Sample Space Diagrams
A sample space diagram (also called a two-way table or possibility space) is a grid that shows all possible outcomes when two events are combined. It is especially useful for finding probabilities involving two dice, two spinners, or a combination of events.
Worked Example 4 — Two Dice
Two fair six-sided dice are rolled and their scores are added together. Find the probability of getting a total of 7.
| 1 | 2 | 3 | 4 | 5 | 6 | |
|---|---|---|---|---|---|---|
| 1 | 2 | 3 | 4 | 5 | 6 | 7 |
| 2 | 3 | 4 | 5 | 6 | 7 | 8 |
| 3 | 4 | 5 | 6 | 7 | 8 | 9 |
| 4 | 5 | 6 | 7 | 8 | 9 | 10 |
| 5 | 6 | 7 | 8 | 9 | 10 | 11 |
| 6 | 7 | 8 | 9 | 10 | 11 | 12 |
- Total number of outcomes = 6 x 6 = 36
- Outcomes that give a total of 7: (1,6), (2,5), (3,4), (4,3), (5,2), (6,1) = 6 outcomes
P(total of 7) = 6/36 = 1/6
Worked Example 5 — Two Spinners
Spinner A has sections labelled 1, 2, 3. Spinner B has sections labelled 1, 2, 3, 4. Both spinners are spun and the results are multiplied.
| 1 | 2 | 3 | 4 | |
|---|---|---|---|---|
| 1 | 1 | 2 | 3 | 4 |
| 2 | 2 | 4 | 6 | 8 |
| 3 | 3 | 6 | 9 | 12 |
Total outcomes = 3 x 4 = 12
P(product is 6) = 2/12 = 1/6 (the outcomes (2,3) and (3,2))

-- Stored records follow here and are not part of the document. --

lemma bound_sum_rec:
  assumes "finsupp \<nu>" and "\<nu> \<noteq> (\<lambda>_. 0)"
  shows "bound_sum q \<beta> \<nu> =
    (\<Sum>m\<in>{m. mle m \<nu> \<and> m \<noteq> (\<lambda>_. 0) \<and> enat (card (supp m)) \<le> q}.
       mbinom \<nu> m * bound_sum q \<beta> (msub \<nu> m) * (\<Prod>j\<in>supp m. \<beta> j))"
proof -
  let ?M = "{m. mle m \<nu>}"
  let ?U = "small_subsets q (supp \<nu>)"
  let ?N = "\<lambda>u. {m. mle m \<nu> \<and> supp m = u}"
  let ?W = "\<lambda>m'. mfact m' * Dq q m' * mpow \<beta> m'"
  have fin: "finite ?M" and finU: "finite ?U"
    using assms(1) by (simp_all add: finite_mle finite_small_subsets finsupp_def)
  have by_supp: "{m. mle m \<nu> \<and> m \<noteq> (\<lambda>_. 0) \<and> enat (card (supp m)) \<le> q} = (\<Union>u\<in>?U. ?N u)"
    using supp_mono[of _ \<nu>] by (auto simp: small_subsets_def supp_def fun_eq_iff)
  have "(\<Sum>m\<in>{m. mle m \<nu> \<and> m \<noteq> (\<lambda>_. 0) \<and> enat (card (supp m)) \<le> q}.
       mbinom \<nu> m * bound_sum q \<beta> (msub \<nu> m) * (\<Prod>j\<in>supp m. \<beta> j)) =
      (\<Sum>u\<in>?U. \<Sum>m\<in>?N u. mbinom \<nu> m * bound_sum q \<beta> (msub \<nu> m) * (\<Prod>j\<in>supp m. \<beta> j))"
    unfolding by_supp using finU by (rule sum.UNION_disjoint) (auto intro: finite_subset[OF _ fin])
  also have "\<dots> = (\<Sum>u\<in>?U. \<Sum>m\<in>?N u. mbinom \<nu> m * bound_sum q \<beta> (msub \<nu> m) * (\<Prod>j\<in>u. \<beta> j))"
    by (intro sum.cong refl) auto
  also have "\<dots> = (\<Sum>u\<in>?U. \<Sum>m\<in>?N u. \<Sum>m'\<in>?M.
      ?W m' * (\<Prod>j\<in>u. \<beta> j) * (mbinom \<nu> m * Stirling_prod (supp \<nu>) (msub \<nu> m) m'))"
    using assms(1) mle_msub
    by (simp add: bound_sum_on sum_distrib_left sum_distrib_right mult_ac)
  also have "\<dots> = (\<Sum>u\<in>?U. \<Sum>m'\<in>?M. ?W m' * (\<Prod>j\<in>u. \<beta> j) *
      (\<Sum>m\<in>?N u. mbinom \<nu> m * Stirling_prod (supp \<nu>) (msub \<nu> m) m'))"
    by (simp add: sum.swap[of _ "?N _"] sum_distrib_left)
  also have "\<dots> = bound_sum q \<beta> \<nu>"
    using bound_sum_expand[OF assms] by simp
  finally show ?thesis ..
qed

lemma boundRHS_rec:
  assumes "finsupp \<nu>" and "\<nu> \<noteq> (\<lambda>_. 0)"
  shows "recRHS c q \<beta> (boundRHS c0 c q \<beta>) \<nu> = boundRHS c0 c q \<beta> \<nu>"
proof -
  have "c ^ msize m * mbinom \<nu> m * boundRHS c0 c q \<beta> (msub \<nu> m) * (\<Prod>j\<in>supp m. \<beta> j) =
      c0 * c ^ msize \<nu> * (mbinom \<nu> m * bound_sum q \<beta> (msub \<nu> m) * (\<Prod>j\<in>supp m. \<beta> j))"
    if "mle m \<nu>" for m
    using msize_msub[OF assms(1) that] by (simp add: boundRHS_eq_bound_sum power_add mult_ac)
  then show ?thesis
    unfolding recRHS_def boundRHS_eq_bound_sum bound_sum_rec[OF assms, of q \<beta>] sum_distrib_left
    by (intro sum.cong) auto
qed

section \<open>Comparison by induction on |\<nu>|\<close>

lemma recRHS_mono:
  assumes "0 \<le> c" and "\<And>j. 0 \<le> \<beta> j"
    and "\<And>m. mle m \<nu> \<Longrightarrow> m \<noteq> (\<lambda>_. 0) \<Longrightarrow> \<Upsilon> (msub \<nu> m) \<le> \<Upsilon>' (msub \<nu> m)"
  shows "recRHS c q \<beta> \<Upsilon> \<nu> \<le> recRHS c q \<beta> \<Upsilon>' \<nu>"
  unfolding recRHS_def
  using assms by (intro sum_mono mult_right_mono mult_left_mono prod_nonneg)
    (auto simp: mbinom_def intro!: mult_nonneg_nonneg prod_nonneg)

lemma recRHS_cong:
  "(\<And>m. mle m \<nu> \<Longrightarrow> m \<noteq> (\<lambda>_. 0) \<Longrightarrow> \<Upsilon> (msub \<nu> m) = \<Upsilon>' (msub \<nu> m))
   \<Longrightarrow> recRHS c q \<beta> \<Upsilon> \<nu> = recRHS c q \<beta> \<Upsilon>' \<nu>"
  unfolding recRHS_def by (intro sum.cong) auto

lemma le_boundRHS_if_subsolution:
  assumes "0 \<le> c" and "\<And>j. 0 \<le> \<beta> j" and "\<Upsilon> (\<lambda>_. 0) \<le> c0"
    and "\<And>\<nu>. finsupp \<nu> \<Longrightarrow> \<nu> \<noteq> (\<lambda>_. 0) \<Longrightarrow> \<Upsilon> \<nu> \<le> recRHS c q \<beta> \<Upsilon> \<nu>"
    and "finsupp \<nu>"
  shows "\<Upsilon> \<nu> \<le> boundRHS c0 c q \<beta> \<nu>"
  using assms(5)
proof (induction rule: finsupp_msub_induct)
  case (step \<nu>)
  show ?case
  proof (cases "\<nu> = (\<lambda>_. 0)")
    case False
    have "\<Upsilon> \<nu> \<le> recRHS c q \<beta> \<Upsilon> \<nu>" using assms(4) step.hyps False .
    also have "\<dots> \<le> recRHS c q \<beta> (boundRHS c0 c q \<beta>) \<nu>"
      using assms(1,2) step.IH by (intro recRHS_mono)
    also have "\<dots> = boundRHS c0 c q \<beta> \<nu>" using step.hyps False by (rule boundRHS_rec)
    finally show ?thesis .
  qed (simp add: boundRHS_eq_bound_sum assms(3))
qed

lemma eq_boundRHS_if_solution:
  assumes "\<Upsilon> (\<lambda>_. 0) = c0"
    and "\<And>\<nu>. finsupp \<nu> \<Longrightarrow> \<nu> \<noteq> (\<lambda>_. 0) \<Longrightarrow> \<Upsilon> \<nu> = recRHS c q \<beta> \<Upsilon> \<nu>"
    and "finsupp \<nu>"
  shows "\<Upsilon> \<nu> = boundRHS c0 c q \<beta> \<nu>"
  using assms(3)
proof (induction rule: finsupp_msub_induct)
  case (step \<nu>)
  show ?case
  proof (cases "\<nu> = (\<lambda>_. 0)")
    case False
    have "\<Upsilon> \<nu> = recRHS c q \<beta> \<Upsilon> \<nu>" using assms(2) step.hyps False .
    also have "\<dots> = recRHS c q \<beta> (boundRHS c0 c q \<beta>) \<nu>"
      using step.IH by (rule recRHS_cong)
    also have "\<dots> = boundRHS c0 c q \<beta> \<nu>" using step.hyps False by (rule boundRHS_rec)
    finally show ?thesis .
  qed (simp add: boundRHS_eq_bound_sum assms(1))
qed

theorem lemmaA1:
  fixes c0 c :: real and q :: enat and \<beta> :: "nat \<Rightarrow> real" and \<Upsilon> :: "mi \<Rightarrow> real"
  assumes "c0 > 0" and "c > 0" and "q \<ge> 1"
    and "\<And>j. \<beta> j \<ge> 0"
    and "\<And>\<nu>. finsupp \<nu> \<Longrightarrow> \<Upsilon> \<nu> \<ge> 0"
    and "\<Upsilon> (\<lambda>_. 0) \<le> c0"
    and "\<And>\<nu>. finsupp \<nu> \<Longrightarrow> \<nu> \<noteq> (\<lambda>_. 0) \<Longrightarrow> \<Upsilon> \<nu> \<le> recRHS c q \<beta> \<Upsilon> \<nu>"
  shows "(\<forall>\<nu>. finsupp \<nu> \<longrightarrow> \<Upsilon> \<nu> \<le> boundRHS c0 c q \<beta> \<nu>)
    \<and> ((\<Upsilon> (\<lambda>_. 0) = c0 \<and>
         (\<forall>\<nu>. finsupp \<nu> \<and> \<nu> \<noteq> (\<lambda>_. 0) \<longrightarrow> \<Upsilon> \<nu> = recRHS c q \<beta> \<Upsilon> \<nu>))
       \<longrightarrow> (\<forall>\<nu>. finsupp \<nu> \<longrightarrow> \<Upsilon> \<nu> = boundRHS c0 c q \<beta> \<nu>))"
proof (intro conjI allI impI)
  fix \<nu> assume "finsupp \<nu>"
  with assms(2,4,6,7) show "\<Upsilon> \<nu> \<le> boundRHS c0 c q \<beta> \<nu>"
    by (intro le_boundRHS_if_subsolution) auto
next
  fix \<nu> assume "finsupp \<nu>"
    and "\<Upsilon> (\<lambda>_. 0) = c0 \<and> (\<forall>\<nu>. finsupp \<nu> \<and> \<nu> \<noteq> (\<lambda>_. 0) \<longrightarrow> \<Upsilon> \<nu> = recRHS c q \<beta> \<Upsilon> \<nu>)"
  then show "\<Upsilon> \<nu> = boundRHS c0 c q \<beta> \<nu>"
    by (intro eq_boundRHS_if_solution) auto
qed

end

P(product is even) = count all even products in the table, then divide by 12.
Even products: 2, 4, 2, 4, 6, 8, 6, 12 = 8 outcomes
P(product is even) = 8/12 = 2/3
Exam Tip: When drawing a sample space diagram in the exam, always label the rows and columns clearly. This makes it easy for the examiner to see your working and award method marks even if you make an arithmetic slip.
The Complement of an Event
The complement of an event A is the event "A does not happen", written as A' (or sometimes as "not A").
P(A') = 1 - P(A)
Worked Example 6
The probability that it rains tomorrow is 0.3. What is the probability that it does not rain?
P(not rain) = 1 - 0.3 = 0.7
Exam Tip: The complement rule is one of the most useful tools in probability. If it is hard to calculate P(event) directly, try calculating P(not event) and subtracting from 1 instead.
Summary
- Probability is measured on a scale from 0 (impossible) to 1 (certain).
- For equally likely outcomes: P(event) = favourable outcomes / total outcomes.
- Always list outcomes systematically to avoid missing any.
- A sample space diagram is a grid showing all outcomes for two combined events.
- The complement rule states that P(not A) = 1 - P(A).
- Probabilities can be expressed as fractions, decimals, or percentages.
Exam Tip: In multiple-mark questions, always show your sample space diagram or outcome list — you will earn method marks even if your final answer is incorrect.